16. PROTEST OF CLAIM.
     Tenant shall, by appropriate legal proceedings and at Tenant’s expense contest the amount or validity, as the case may be, of any and all increases in general real estate taxes assessed on the Building during the Term of the Lease. Tenant shall pay all associated appraisals and other costs related to said assessment appeal. If requested by the Tenant the Landlord shall file such claim. However, the Landlord’s protest of any increase in general real estate taxes shall not be deemed nor construed in any way as relieving, modifying or extending Tenant’s covenant to pay any such real estate taxes when due unless the legal proceedings shall operate to prevent the sale of the Leased Premises or any part thereof or the placing of any lien thereon to satisfy such real estate taxes prior to the final determination of such proceedings.
17. LIEN LITIGATION.
     Tenant shall have the right at its sole cost and expense to contest the validity of any mechanic’s lien claims that may be asserted against Landlord, Tenant, or the Leased Premises because of work performed for or material furnished to Tenant, for the Leased Premises, at Tenant’s request, but this shall not be deemed nor construed in any way as relieving, modifying or extending Tenant’s covenant to pay any mechanics’ lien claims that may be successfully asserted against Landlord in respect of the Leased Premises, Tenant, or the Leased Premises itself, for work performed or material furnished to Tenant for the Leased Premises, at Tenant’s request (“Tenant’s Work”).
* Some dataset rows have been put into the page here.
lemma stanley_initial: "n < card A \<Longrightarrow> stanley A n = sorted_list_of_set A ! n"
  by (simp add: stanley_def Let_def nth_append length_stanley_list)

lemma stanley_greedy:
  assumes "card A \<le> n" and "0 < n"
  shows "stanley A n = (LEAST m. stanley A (n - 1) < m \<and> three_free (insert m (stanley A ` {..<n})))"
proof -
  have "stanley A n = stanley_list A (Suc n) ! n"
    by (rule stanley_def)
  also have "\<dots> = (LEAST m. last (stanley_list A n) < m \<and> three_free (insert m (set (stanley_list A n))))"
    using assms(1) by (simp add: Let_def nth_append length_stanley_list)
  also have "last (stanley_list A n) = stanley A (n - 1)"
    using assms(2) by (simp add: stanley_list_eq_map last_map)
  also have "set (stanley_list A n) = stanley A ` {..<n}"
    by (auto simp: stanley_list_eq_map)
  finally show ?thesis .
qed

lemma stanley_least:
  assumes "card A \<le> n" and "0 < n" and "stanley A (n - 1) < m"
    and "three_free (insert m (stanley A ` {..<n}))"
  shows "stanley A n \<le> m"
  unfolding stanley_greedy[OF assms(1,2)] using assms(3,4) by (rule Least_le[OF conjI])

lemma stanley_greedy_step:
  assumes "card A \<le> n" and "0 < n" and "three_free (stanley A ` {..<n})"
  shows "stanley A (n - 1) < stanley A n \<and> three_free (insert (stanley A n) (stanley A ` {..<n}))"
proof -
  define m where "m = 2 * Max (insert 0 (stanley A ` {..<n})) + stanley A (n - 1) + 1"
  have "2 * x < m" if "x \<in> stanley A ` {..<n}" for x
  proof -
    have "x \<le> Max (insert 0 (stanley A ` {..<n}))"
      using that by (intro Max_ge) auto
    then show ?thesis unfolding m_def by linarith
  qed
  then have "three_free (insert m (stanley A ` {..<n}))"
    using assms(3) by (rule three_free_insert_large[rotated])
  then show ?thesis
    unfolding stanley_greedy[OF assms(1,2)]
    using LeastI[of "\<lambda>m. stanley A (n - 1) < m \<and> three_free (insert m (stanley A ` {..<n}))" m]
    by (simp add: m_def)
qed

lemma card_pos_if_stanley_init: "stanley_init A \<Longrightarrow> 0 < card A"
  unfolding stanley_init_def using card_gt_0_iff by blast

lemma stanley_in_init: "stanley_init A \<Longrightarrow> n < card A \<Longrightarrow> stanley A n \<in> A"
  by (metis stanley_initial length_sorted_list_of_set nth_mem set_sorted_list_of_set stanley_init_def)

lemma three_free_stanley_prefix:
  assumes "stanley_init A"
  shows "three_free (stanley A ` {..<n})"
proof (induction n)
  case 0
  then show ?case by (simp add: three_free_def)
next
  case (Suc n)
  show ?case
  proof (cases "n < card A")
    case True
    then have "stanley A ` {..<Suc n} \<subseteq> A"
      using stanley_in_init[OF assms] by auto
    with assms show ?thesis
      unfolding stanley_init_def using three_free_subset by blast
  next
    case False
    then have "0 < n" using card_pos_if_stanley_init[OF assms] by simp
    with False Suc.IH show ?thesis
      using stanley_greedy_step[of A n] by (simp add: lessThan_Suc)
  qed
qed

lemma strict_mono_stanley:
  assumes "stanley_init A"
  shows "strict_mono (stanley A)"
  unfolding strict_mono_Suc_iff
proof
  fix n
  show "stanley A n < stanley A (Suc n)"
  proof (cases "Suc n < card A")
    case True
    have "finite A" using assms unfolding stanley_init_def by simp
    with True show ?thesis
      using sorted_wrt_nth_less[OF strict_sorted_list_of_set, of n "Suc n" A]
      by (simp add: stanley_initial)
  next
    case False
    then show ?thesis
      using stanley_greedy_step[of A "Suc n"] three_free_stanley_prefix[OF assms] by simp
  qed
qed

lemma stanley_0:
  assumes "stanley_init A"
  shows "stanley A 0 = 0"
proof -
  have "finite A" "0 \<in> A" using assms unfolding stanley_init_def by auto
  then obtain j where "j < card A" "sorted_list_of_set A ! j = 0"
    by (metis in_set_conv_nth length_sorted_list_of_set set_sorted_list_of_set)
  then have "stanley A j = 0" by (simp add: stanley_initial)
  with strict_mono_stanley[OF assms] show ?thesis
    by (metis le_zero_eq strict_mono_less_eq zero_le)
qed

lemma stanley_le_double_Suc:
  assumes "stanley_init A" and "card A \<le> n"
  shows "stanley A n \<le> 2 * stanley A (n - 1) + 1"
proof (rule stanley_least[OF assms(2)])
  show "0 < n" using assms card_pos_if_stanley_init by fastforce
  have "\<And>x. x \<in> stanley A ` {..<n} \<Longrightarrow> x \<le> stanley A (n - 1)"
    using strict_mono_stanley[OF assms(1)] by (auto simp: strict_mono_less_eq)
  then show "three_free (insert (2 * stanley A (n - 1) + 1) (stanley A ` {..<n}))"
    by (intro three_free_insert_large three_free_stanley_prefix[OF assms(1)]) fastforce
qed simp

lemma stanley_ne_double:
  assumes "stanley_init A" and "1 < n"
  shows "stanley A n \<noteq> 2 * stanley A (n - 1)"
proof
  assume double: "stanley A n = 2 * stanley A (n - 1)"
  have "stanley A 0 < stanley A (n - 1)"
    using strict_mono_stanley[OF assms(1)] assms(2) by (simp add: strict_mono_less)
  then have "0 < stanley A (n - 1)" by (simp add: stanley_0[OF assms(1)])
  moreover have "stanley A 0 \<in> stanley A ` {..<Suc n}" "stanley A (n - 1) \<in> stanley A ` {..<Suc n}"
    "stanley A n \<in> stanley A ` {..<Suc n}"
    by auto
  ultimately show False
    using three_free_no_progression[OF three_free_stanley_prefix[OF assms(1), of "Suc n"],
        where x = 0 and y = "stanley A (n - 1)" and z = "stanley A n"] double
    by (simp add: stanley_0[OF assms(1)])
qed
definition csupp :: "('a \<Rightarrow> complex) \<Rightarrow> 'a set" where
  "csupp f = {m. f m \<noteq> 0}"

definition deg :: "('i::finite \<Rightarrow> nat) \<Rightarrow> nat" where
  "deg K = (\<Sum>j\<in>UNIV. K j)"

definition mfact :: "('i::finite \<Rightarrow> nat) \<Rightarrow> real" where
  "mfact K = (\<Prod>j\<in>UNIV. fact (K j))"

text \<open>Wick product: sum over M of h^|M|/M! (d^M f / d zbar^M)(d^M g / d z^M),
written on coefficients.\<close>
definition wick :: "real \<Rightarrow> 'i::finite cpoly \<Rightarrow> 'i cpoly \<Rightarrow> 'i cpoly" where
  "wick h f g = (\<lambda>(A, B).
     \<Sum>(K, L)\<in>csupp f. \<Sum>(K', L')\<in>csupp g. \<Sum>M\<in>{M. M \<le> L \<and> M \<le> K'}.
       if (\<lambda>j. K j + K' j - M j) = A \<and> (\<lambda>j. L j - M j + L' j) = B
       then complex_of_real (h ^ deg M / mfact M
              * (mfact L / mfact (\<lambda>j. L j - M j))
              * (mfact K' / mfact (\<lambda>j. K' j - M j))) * f (K, L) * g (K', L')
       else 0)"

text \<open>Involution: pointwise complex conjugation of the function, i.e. on coefficients
the coefficient of z^K zbar^L of f^* is the conjugate of that of z^L zbar^K of f.\<close>
definition cstar :: "'i cpoly \<Rightarrow> 'i cpoly" where
  "cstar f = (\<lambda>(K, L). cnj (f (L, K)))"

definition Balg :: "'i::finite cpoly set" where
  "Balg = {f. finite (csupp f) \<and> (\<forall>(K, L)\<in>csupp f. deg K = deg L)}"

definition one_p :: "'i::finite cpoly" where
  "one_p = (\<lambda>(K, L). if K = (\<lambda>_. 0) \<and> L = (\<lambda>_. 0) then 1 else 0)"

definition J_p :: "'i::finite cpoly" where
  "J_p = (\<lambda>(K, L). if K = L \<and> deg K = 1 then 1 else 0)"

definition Pkl :: "nat \<Rightarrow> nat \<Rightarrow> 'i::finite cpoly set" where
  "Pkl k l = {f. finite (csupp f) \<and> (\<forall>(K, L)\<in>csupp f. deg K = k \<and> deg L = l)}"

text \<open>Fock space: finitely supported polynomials in z. Inner product
<z^K, z^L> = delta_{K,L} h^|K| K!, antilinear in the first argument.\<close>
definition fock_inner :: "real \<Rightarrow> 'i::finite fock \<Rightarrow> 'i fock \<Rightarrow> complex" where
  "fock_inner h g1 g2 =
     (\<Sum>K\<in>csupp g1 \<inter> csupp g2. cnj (g1 K) * g2 K * complex_of_real (h ^ deg K * mfact K))"

text \<open>pi_h(z^K zbar^L) = z^K h^|L| d^|L|/dz^L.\<close>
definition pi_rep :: "real \<Rightarrow> 'i::finite cpoly \<Rightarrow> 'i fock \<Rightarrow> 'i fock" where
  "pi_rep h f g = (\<lambda>A.
     \<Sum>(K, L)\<in>csupp f. \<Sum>M\<in>csupp g.
       if L \<le> M \<and> (\<lambda>j. K j + (M j - L j)) = A
       then f (K, L) * g M * complex_of_real (h ^ deg L * (mfact M / mfact (\<lambda>j. M j - L j)))
       else 0)"

definition pos_cone :: "real \<Rightarrow> 'i::finite cpoly set" where
  "pos_cone h = {f \<in> Balg. cstar f = f \<and>
     (\<forall>g. finite (csupp g) \<longrightarrow>
        Im (fock_inner h g (pi_rep h f g)) = 0 \<and> 0 \<le> Re (fock_inner h g (pi_rep h f g)))}"

definition is_state :: "real \<Rightarrow> ('i::finite cpoly \<Rightarrow> complex) \<Rightarrow> bool" where
  "is_state h \<omega> \<longleftrightarrow>
     (\<forall>f\<in>Balg. \<forall>g\<in>Balg. \<omega> (\<lambda>m. f m + g m) = \<omega> f + \<omega> g) \<and>
     (\<forall>c. \<forall>f\<in>Balg. \<omega> (\<lambda>m. c * f m) = c * \<omega> f) \<and>
     \<omega> one_p = 1 \<and>
     (\<forall>f\<in>Balg. cstar f = f \<longrightarrow> Im (\<omega> f) = 0) \<and>
     (\<forall>f\<in>pos_cone h. Im (\<omega> f) = 0 \<and> 0 \<le> Re (\<omega> f))"

definition Rset :: "real \<Rightarrow> real \<Rightarrow> 'i::finite cpoly set" where
  "Rset h \<mu> = {f \<in> Balg. cstar f = f \<and>
     (\<forall>\<omega>. is_state h \<omega> \<and>
        \<omega> (wick h (\<lambda>m. J_p m - complex_of_real \<mu> * one_p m)
                   (\<lambda>m. J_p m - complex_of_real \<mu> * one_p m)) = 0
        \<longrightarrow> Im (\<omega> f) = 0 \<and> 0 \<le> Re (\<omega> f))}"
lemma eig_j_ge_of_subspaces:
  fixes A :: "real^'n^'n"
  assumes "j \<le> CARD('n)"
    and "\<And>S. subspace S \<Longrightarrow> dim S = j \<Longrightarrow> \<exists>v\<in>S. norm v = 1 \<and> c \<le> (A *v v) \<bullet> v"
  shows "c \<le> eig_j j A"
  unfolding eig_j_def
proof (rule cINF_greatest)
  have "j \<le> dim (UNIV :: (real^'n) set)" using assms(1) by simp
  then show "{S :: (real^'n) set. subspace S \<and> dim S = j} \<noteq> {}"
    using choose_subspace_of_subspace[of j "UNIV :: (real^'n) set"] by auto
  fix S :: "(real^'n) set"
  assume "S \<in> {S. subspace S \<and> dim S = j}"
  then obtain v where v: "v \<in> S" "norm v = 1" "c \<le> (A *v v) \<bullet> v" using assms(2) by auto
  have "(A *v v) \<bullet> v \<le> (SUP v \<in> {v \<in> S. norm v = 1}. (A *v v) \<bullet> v)"
    by (rule cSUP_upper) (use v bdd_above_quadratic_form_on_sphere in auto)
  with v(3) show "c \<le> (SUP v \<in> {v \<in> S. norm v = 1}. (A *v v) \<bullet> v)" by linarith
qed

section \<open>Rank-one perturbations of the identity\<close>

definition id_rank_one :: "real \<Rightarrow> real \<Rightarrow> real^'n \<Rightarrow> real^'n^'n" where
  "id_rank_one \<alpha> \<beta> v = (\<chi> i k. \<alpha> * (if i = k then 1 else 0) + \<beta> * (v$i * v$k))"

lemma id_rank_one_mult_vec: "id_rank_one \<alpha> \<beta> v *v h = \<alpha> *\<^sub>R h + (\<beta> * (v \<bullet> h)) *\<^sub>R v"
proof -
  have "(id_rank_one \<alpha> \<beta> v *v h)$i = \<alpha> * h$i + \<beta> * (v \<bullet> h) * v$i" for i
  proof -
    have "(id_rank_one \<alpha> \<beta> v *v h)$i
        = (\<Sum>k\<in>UNIV. if i = k then \<alpha> * h$k else 0) + (\<Sum>k\<in>UNIV. \<beta> * v$i * (v$k * h$k))"
      unfolding id_rank_one_def matrix_vector_mult_def sum.distrib[symmetric]
      by (auto intro!: sum.cong simp: algebra_simps)
    then show ?thesis by (simp add: inner_vec_def sum_distrib_left mult_ac)
  qed
  then show ?thesis by (simp add: vec_eq_iff)
qed

lemma id_rank_one_quadratic_form_orthogonal:
  "v \<bullet> h = 0 \<Longrightarrow> (id_rank_one \<alpha> \<beta> v *v h) \<bullet> h = \<alpha> * (h \<bullet> h)"
  by (simp add: id_rank_one_mult_vec)
lemma lie_closure_skew_hermitian:
  assumes "\<forall>x\<in>S. skew_hermitian N x" "x \<in> lie_closure N S"
  shows "skew_hermitian N x"
  using assms(2)
proof induction
  case (gen x)
  then show ?case using assms(1) by blast
next
  case zero
  show ?case by (rule skew_hermitianI) auto
next
  case (add x y)
  then have carrier: "x \<in> carrier_mat N N" "y \<in> carrier_mat N N"
    by (auto intro: skew_hermitian_carrier)
  show ?case
  proof (rule skew_hermitianI)
    fix i k assume ik: "i < N" "k < N"
    then show "(x + y) $$ (i, k) = - cnj ((x + y) $$ (k, i))"
      using carrier skew_hermitian_entry[OF add.IH(1) ik] skew_hermitian_entry[OF add.IH(2) ik]
      by simp
  qed (use carrier in auto)
next
  case (smult x r)
  then have carrier: "x \<in> carrier_mat N N"
    by (auto intro: skew_hermitian_carrier)
  show ?case
  proof (rule skew_hermitianI)
    fix i k assume ik: "i < N" "k < N"
    then show "(complex_of_real r \<cdot>\<^sub>m x) $$ (i, k) = - cnj ((complex_of_real r \<cdot>\<^sub>m x) $$ (k, i))"
      using carrier skew_hermitian_entry[OF smult.IH ik] by simp
  qed (use carrier in auto)
next
  case (bracket x y)
  then have carrier: "x \<in> carrier_mat N N" "y \<in> carrier_mat N N"
    by (auto intro: skew_hermitian_carrier)
  show ?case
  proof (rule skew_hermitianI)
    fix i k assume ik: "i < N" "k < N"
    have "(x * y - y * x) $$ (i, k) = (x * y) $$ (i, k) - (y * x) $$ (i, k)"
      using carrier ik by simp
    also have "\<dots> = cnj ((y * x) $$ (k, i)) - cnj ((x * y) $$ (k, i))"
      using skew_hermitian_mult_entry[OF bracket.IH ik] skew_hermitian_mult_entry[OF bracket.IH(2,1) ik]
      by simp
    also have "\<dots> = - cnj ((x * y - y * x) $$ (k, i))"
      using carrier ik by simp
    finally show "(x * y - y * x) $$ (i, k) = - cnj ((x * y - y * x) $$ (k, i))" .
  qed (use carrier in auto)
qed

lemma skew_hermitian_trace_square_eq_0:
  assumes z: "skew_hermitian N z" and trace: "trace (z * z) = 0"
  shows "z = 0\<^sub>m N N"
proof -
  have carrier: "z \<in> carrier_mat N N"
    using z by (rule skew_hermitian_carrier)
  have "z $$ (i, k) * z $$ (k, i) = - of_real ((cmod (z $$ (i, k)))\<^sup>2)" if "i < N" "k < N" for i k
    using skew_hermitian_entry[OF z that(2,1)] by (simp add: complex_norm_square[symmetric])
  then have "trace (z * z) = - of_real (\<Sum>i<N. \<Sum>k<N. (cmod (z $$ (i, k)))\<^sup>2)"
    using carrier by (simp add: trace_def scalar_prod_def atLeast0LessThan sum_negf)
  then have "complex_of_real (\<Sum>i<N. \<Sum>k<N. (cmod (z $$ (i, k)))\<^sup>2) = 0"
    using trace by (metis neg_0_equal_iff_equal)
  then have "(\<Sum>i<N. \<Sum>k<N. (cmod (z $$ (i, k)))\<^sup>2) = 0"
    by (simp only: of_real_eq_0_iff)
  then have "z $$ (i, k) = 0" if "i < N" "k < N" for i k
    using that by (simp add: sum_nonneg_eq_0_iff sum_nonneg)
  then show ?thesis
    using carrier by (intro eq_matI) auto
qed
(* Let $0<q<1$, let $\pi=\pi_+\oplus\pi_-$ be the spin representation of $\mathcal{A}(S^2_q)$ on $\mathcal{H}=\mathcal{H}_+\oplus\mathcal{H}_-$, and let $D|l,m\rangle_\pm=(l+\tfrac12)|l,m\rangle_\mp$. Let $B$ be the $*$-algebra generated by $\pi(\mathcal{A}(S^2_q))$ and the commutators $[D,\pi(x)]$, $x\in\mathcal{A}(S^2_q)$. Then $B\subset\mathcal{B}(\mathcal{H})$ (all these commutators are bounded), and $(\mathcal{A}(S^2_q),\mathcal{H},D)$ is a regular spectral triple of metric dimension $2$.
   Context: $\mathcal{A}(S^2_q)$ is the unital $*$-algebra generated by $a,a^*$ and $b=b^*$ with relations $ba=q^2ab$, $a^*a+b^2=1$, $q^4aa^*+b^2=q^4$. $\mathcal{H}_\pm$ each have orthonormal basis $|l,m\rangle_\pm$, $l\in\mathbb{N}+\tfrac12$, $m=-l,-l+1,\dots,l$ (vectors with indices out of range are $0$). With $[x]=(q^x-q^{-x})/(q-q^{-1})$: $\pi_\pm(a)|l,m\rangle_\pm=q^{m-l-\frac12}\frac{\sqrt{[l+m+1][l+m+2]}}{[2l+2]}|l+1,m+1\rangle_\pm-q^{m+l+\frac12}\frac{\sqrt{[l-m-1][l-m]}}{[2l]}|l-1,m+1\rangle_\pm\pm\frac{(1+q^2)q^{m-\frac12}}{[2l][2l+2]}\sqrt{[l+m+1][l-m]}\,|l,m+1\rangle_\pm$, $\pi_\pm(b)|l,m\rangle_\pm=-q^{m+1}\frac{\sqrt{[l+m+1][l-m+1]}}{[2l+2]}|l+1,m\rangle_\pm-q^{m+1}\frac{\sqrt{[l+m][l-m]}}{[2l]}|l-1,m\rangle_\pm\pm\frac{[l-m+1][l+m]-q^2[l-m][l+m+1]}{[2l][2l+2]}|l,m\rangle_\pm$; these extend to bounded $*$-representations. A spectral triple is regular if $A\cup[D,A]\subset\bigcap_j\mathrm{dom}\,\delta^j$, $\delta(T)=[|D|,T]$. Metric dimension $d$ means the singular values of $|D|^{-1}$ are of order $n^{-1/d}$ as $n\to\infty$. *)

theory Defs
  imports "HOL-Analysis.Analysis"
begin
As a condition precedent to Tenant exercising its right to contest mechanics’ lien claims for Tenant’s Work, Tenant shall first have posted a surety company bond in the full amount of such claims and expenses reasonably satisfactory to Landlord, or deposited with Chicago Title Insurance Company, as security for the payment of any such mechanics’ lien claims, money (or a bond or securities in form and quality reasonably acceptable to Chicago Title Insurance Company) in such amount sufficient in the sole judgment of the title company to pay such mechanics’ lien claims, together with all interest and costs in connection therewith and all charges that may be assessed or become a charge on the Leased Premises or any part thereof. Upon the termination of such proceedings, Tenant shall direct Landlord or the title company to apply the funds (or securities) then held by Landlord or the title company as security as aforesaid to satisfy and otherwise discharge the said mechanics’ lien claims then payable and the interest and penalties in connection therewith, and the charges accruing in such legal proceedings, and the balance, if any, of the aforesaid security deposit after the aforesaid application shall be returned to Tenant (or discharged, if a bond) provided an Event of Default is not then existing under this Lease.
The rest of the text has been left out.